(* Let $R=\mathbb{C}[x,y,z]$ and $J=(yz(y-z),\,zx(z-x),\,xy(x-y))\subseteq R$. Then (1) $\widehat{\alpha}(J)=\frac{5}{2}$; (2) $\alpha(J^{(2k)})=5k$ for all $k\ge 2$; (3) $\alpha(J^{(2k+1)})=5k+3$ for all $k\ge 0$; (4) $\alpha(J^{(2)})=6$.
   Context: For a homogeneous ideal $I$, $\alpha(I)$ denotes the least degree of a nonzero homogeneous element of $I$; $I^{(m)}=\bigcap_{\mathfrak p\in \operatorname{Ass}(R/I)} (I^mR_{\mathfrak p}\cap R)$ is the $m$-th symbolic power (with $I^{(1)}=I$); $\widehat{\alpha}(I)=\lim_{m\to\infty}\alpha(I^{(m)})/m$ is the Waldschmidt constant. *)

theory Defs
  imports Complex_Main "HOL-Computational_Algebra.Polynomial"
begin

text \<open>The polynomial ring C[x,y,z] is modelled as complex poly poly poly:
  the outermost variable is z, the middle one y, the innermost one x.\<close>

type_synonym cpoly3 = "complex poly poly poly"

definition X :: cpoly3 where "X = [:[:[:0, 1:]:]:]"
definition Y :: cpoly3 where "Y = [:[:0, 1:]:]"
definition Z :: cpoly3 where "Z = [:0, 1:]"

definition coeff3 :: "cpoly3 \<Rightarrow> nat \<Rightarrow> nat \<Rightarrow> nat \<Rightarrow> complex" where
  "coeff3 f i j k = coeff (coeff (coeff f k) j) i"

definition homog_of_deg :: "cpoly3 \<Rightarrow> nat \<Rightarrow> bool" where
  "homog_of_deg f d \<longleftrightarrow> (\<forall>i j k. coeff3 f i j k \<noteq> 0 \<longrightarrow> i + j + k = d)"

definition alpha :: "cpoly3 set \<Rightarrow> nat" where
  "alpha I = (LEAST d. \<exists>f\<in>I. f \<noteq> 0 \<and> homog_of_deg f d)"

definition is_ideal :: "'a::comm_ring_1 set \<Rightarrow> bool" where
  "is_ideal I \<longleftrightarrow> 0 \<in> I \<and> (\<forall>a\<in>I. \<forall>b\<in>I. a + b \<in> I) \<and> (\<forall>r a. a \<in> I \<longrightarrow> r * a \<in> I)"

definition is_prime_ideal :: "'a::comm_ring_1 set \<Rightarrow> bool" where
  "is_prime_ideal P \<longleftrightarrow> is_ideal P \<and> P \<noteq> UNIV \<and> (\<forall>a b. a * b \<in> P \<longrightarrow> a \<in> P \<or> b \<in> P)"

definition ideal_gen :: "'a::comm_ring_1 set \<Rightarrow> 'a set" where
  "ideal_gen S = \<Inter>{I. is_ideal I \<and> S \<subseteq> I}"

fun ideal_pow :: "'a::comm_ring_1 set \<Rightarrow> nat \<Rightarrow> 'a set" where
  "ideal_pow I 0 = UNIV"
| "ideal_pow I (Suc m) = ideal_gen {a * b | a b. a \<in> ideal_pow I m \<and> b \<in> I}"

definition ass :: "'a::comm_ring_1 set \<Rightarrow> 'a set set" where
  "ass I = {P. is_prime_ideal P \<and> (\<exists>f. P = {g. g * f \<in> I})}"

text \<open>Symbolic power: intersection over P in Ass(R/I) of the contractions
  I^m R_P \<inter> R = {f. \<exists>s\<notin>P. s f \<in> I^m}\<close>
definition symb_pow :: "'a::comm_ring_1 set \<Rightarrow> nat \<Rightarrow> 'a set" where
  "symb_pow I m = (\<Inter>P\<in>ass I. {f. \<exists>s. s \<notin> P \<and> s * f \<in> ideal_pow I m})"

definition Jideal :: "cpoly3 set" where
  "Jideal = ideal_gen {Y * Z * (Y - Z), Z * X * (Z - X), X * Y * (X - Y)}"

end

theory Submission
  imports Defs
begin

text \<open>
  J is the ideal of the seven points of the projective plane whose coordinates are 0 or 1,
  i.e. the indicator vectors of the nonempty subsets of {x, y, z}. Six lines contain three
  of these points and three more lines contain two of them.

  An element of J^(m) vanishes to order at least m at each of the points. A form of degree d
  whose orders of vanishing at points of a line add up to more than d is divisible by that
  line. Peeling off such lines, and otherwise adding up the nine line inequalities, shows
  that orders m_t at the seven points force 3 (m_0 + ... + m_3) + 6 (m_4 + m_5 + m_6) <= 12 d,
  hence d >= 5m/2; in degree 5 with double points the peeling runs out of degree.

  Conversely, l = x + y + z lies in no associated prime of J, so identities l^n F in J^m
  produce forms F of degrees 3, 6, 8, 10, 15 in J^(1), J^(2), J^(3), J^(4), J^(6), and
  products of these attain the bound.
\<close>

section \<open>Ideals and symbolic powers\<close>

lemma is_ideal_ideal_gen: "is_ideal (ideal_gen S)"
  unfolding is_ideal_def ideal_gen_def by blast

lemma ideal_gen_subset: "S \<subseteq> ideal_gen S"
  unfolding ideal_gen_def by blast

lemma ideal_gen_minimal: "is_ideal I \<Longrightarrow> S \<subseteq> I \<Longrightarrow> ideal_gen S \<subseteq> I"
  unfolding ideal_gen_def by blast

lemma ideal_zero: "is_ideal I \<Longrightarrow> 0 \<in> I"
  unfolding is_ideal_def by blast

lemma ideal_add: "is_ideal I \<Longrightarrow> a \<in> I \<Longrightarrow> b \<in> I \<Longrightarrow> a + b \<in> I"
  unfolding is_ideal_def by blast

lemma ideal_mult_left: "is_ideal I \<Longrightarrow> a \<in> I \<Longrightarrow> r * a \<in> I"
  unfolding is_ideal_def by blast

lemma ideal_mult_right: "is_ideal I \<Longrightarrow> a \<in> I \<Longrightarrow> a * r \<in> I"
  using ideal_mult_left[of I a r] by (simp add: mult.commute)

lemma ideal_sum: "is_ideal I \<Longrightarrow> (\<And>x. x \<in> A \<Longrightarrow> f x \<in> I) \<Longrightarrow> sum f A \<in> I"
  by (induction A rule: infinite_finite_induct) (auto intro: ideal_zero ideal_add)

lemma ideal_eq_UNIV_if_one: "is_ideal I \<Longrightarrow> 1 \<in> I \<Longrightarrow> I = UNIV"
  using ideal_mult_left[of I 1] by auto

lemma is_ideal_ideal_pow: "is_ideal I \<Longrightarrow> is_ideal (ideal_pow I m)"
  by (cases m) (auto simp: is_ideal_def is_ideal_ideal_gen[unfolded is_ideal_def])

lemma ideal_pow_SucI: "a \<in> ideal_pow I m \<Longrightarrow> b \<in> I \<Longrightarrow> a * b \<in> ideal_pow I (Suc m)"
  using ideal_gen_subset[of "{a * b |a b. a \<in> ideal_pow I m \<and> b \<in> I}"] by auto

lemma ideal_pow_one: "is_ideal I \<Longrightarrow> ideal_pow I 1 = I"
proof
  assume I: "is_ideal I"
  have "{a * b |a b. a \<in> ideal_pow I 0 \<and> b \<in> I} \<subseteq> I"
    using I by (auto intro: ideal_mult_left)
  then show "ideal_pow I 1 \<subseteq> I"
    using ideal_gen_minimal[OF I] by simp
  show "I \<subseteq> ideal_pow I 1"
    using ideal_pow_SucI[of 1 I 0] by auto
qed

lemma ideal_pow_induct:
  assumes I: "is_ideal I"
    and K: "\<And>m. is_ideal (K m)" and K0: "\<And>x. x \<in> K 0"
    and KS: "\<And>m a b. a \<in> K m \<Longrightarrow> b \<in> I \<Longrightarrow> a * b \<in> K (Suc m)"
  shows "ideal_pow I m \<subseteq> K m"
proof (induction m)
  case 0
  then show ?case using K0 by auto
next
  case (Suc m)
  have "{a * b |a b. a \<in> ideal_pow I m \<and> b \<in> I} \<subseteq> K (Suc m)"
    using Suc KS by blast
  then show ?case by (auto dest: ideal_gen_minimal[OF K])
qed

lemma ideal_pow_mult:
  assumes I: "is_ideal I" and a: "a \<in> ideal_pow I m" and b: "b \<in> ideal_pow I n"
  shows "a * b \<in> ideal_pow I (m + n)"
proof -
  have "ideal_pow I n \<subseteq> {b. a * b \<in> ideal_pow I (m + n)}"
  proof (rule ideal_pow_induct[OF I])
    show "is_ideal {b. a * b \<in> ideal_pow I (m + k)}" for k
      using is_ideal_ideal_pow[OF I, of "m + k"]
      unfolding is_ideal_def by (auto simp: distrib_left mult.left_commute)
    show "c \<in> {b. a * b \<in> ideal_pow I (m + 0)}" for c
      using a is_ideal_ideal_pow[OF I] by (auto intro: ideal_mult_right)
    show "c * d \<in> {b. a * b \<in> ideal_pow I (m + Suc k)}"
      if "c \<in> {b. a * b \<in> ideal_pow I (m + k)}" "d \<in> I" for k c d
      using ideal_pow_SucI[of "a * c" I "m + k" d] that by (simp add: mult.assoc)
  qed
  then show ?thesis using b by blast
qed

lemma power_in_ideal_pow: "g \<in> I \<Longrightarrow> g ^ n \<in> ideal_pow I n"
proof (induction n)
  case (Suc n)
  then show ?case using ideal_pow_SucI[of "g ^ n" I n g] by (simp add: mult.commute)
qed simp

lemma prime_ideal_mult_notin:
  "is_prime_ideal P \<Longrightarrow> a \<notin> P \<Longrightarrow> b \<notin> P \<Longrightarrow> a * b \<notin> P"
  unfolding is_prime_ideal_def by blast

lemma prime_ideal_power_notin:
  assumes P: "is_prime_ideal P" and a: "a \<notin> P"
  shows "a ^ n \<notin> P"
proof (induction n)
  case 0
  then show ?case using P ideal_eq_UNIV_if_one unfolding is_prime_ideal_def by auto
next
  case (Suc n)
  then show ?case using prime_ideal_mult_notin[OF P a] by simp
qed

lemma symb_pow_mult:
  assumes I: "is_ideal I" and f: "f \<in> symb_pow I a" and g: "g \<in> symb_pow I b"
  shows "f * g \<in> symb_pow I (a + b)"
  unfolding symb_pow_def
proof (intro InterI, clarsimp)
  fix P assume P: "P \<in> ass I"
  then have "is_prime_ideal P" unfolding ass_def by auto
  obtain s where s: "s \<notin> P" "s * f \<in> ideal_pow I a"
    using f P unfolding symb_pow_def by blast
  obtain t where t: "t \<notin> P" "t * g \<in> ideal_pow I b"
    using g P unfolding symb_pow_def by blast
  have "(s * f) * (t * g) \<in> ideal_pow I (a + b)"
    using ideal_pow_mult[OF I s(2) t(2)] .
  moreover have "s * t \<notin> P"
    using prime_ideal_mult_notin[OF \<open>is_prime_ideal P\<close> s(1) t(1)] .
  ultimately show "\<exists>s. s \<notin> P \<and> s * (f * g) \<in> ideal_pow I (a + b)"
    by (intro exI[of _ "s * t"]) (simp add: ac_simps)
qed

section \<open>Evaluating polynomials in three variables\<close>

definition is_ring_hom :: "('a::comm_ring_1 \<Rightarrow> 'b::comm_ring_1) \<Rightarrow> bool" where
  "is_ring_hom \<phi> \<longleftrightarrow> \<phi> 0 = 0 \<and> \<phi> 1 = 1 \<and> (\<forall>x y. \<phi> (x + y) = \<phi> x + \<phi> y)
     \<and> (\<forall>x y. \<phi> (x * y) = \<phi> x * \<phi> y)"

lemma is_ring_homD:
  assumes "is_ring_hom \<phi>"
  shows "\<phi> 0 = 0" "\<phi> 1 = 1" "\<phi> (x + y) = \<phi> x + \<phi> y" "\<phi> (x * y) = \<phi> x * \<phi> y"
  using assms unfolding is_ring_hom_def by auto

lemma ring_hom_uminus: "is_ring_hom \<phi> \<Longrightarrow> \<phi> (- x) = - \<phi> x"
  using is_ring_homD(3)[of \<phi> x "-x"] is_ring_homD(1)[of \<phi>]
  by (simp add: eq_neg_iff_add_eq_0 add.commute)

++++++++

• What needs to be done: Now copy each line of the entries that mentions "shows".

• Output for this exercise:
  line. Peeling off such lines, and otherwise adding up the nine line inequalities, shows
  shows "ideal_pow I m \<subseteq> K m"
  shows "a * b \<in> ideal_pow I (m + n)"
  shows "a ^ n \<notin> P"
  shows "f * g \<in> symb_pow I (a + b)"
  shows "\<phi> 0 = 0" "\<phi> 1 = 1" "\<phi> (x + y) = \<phi> x + \<phi> y" "\<phi> (x * y) = \<phi> x * \<phi> y"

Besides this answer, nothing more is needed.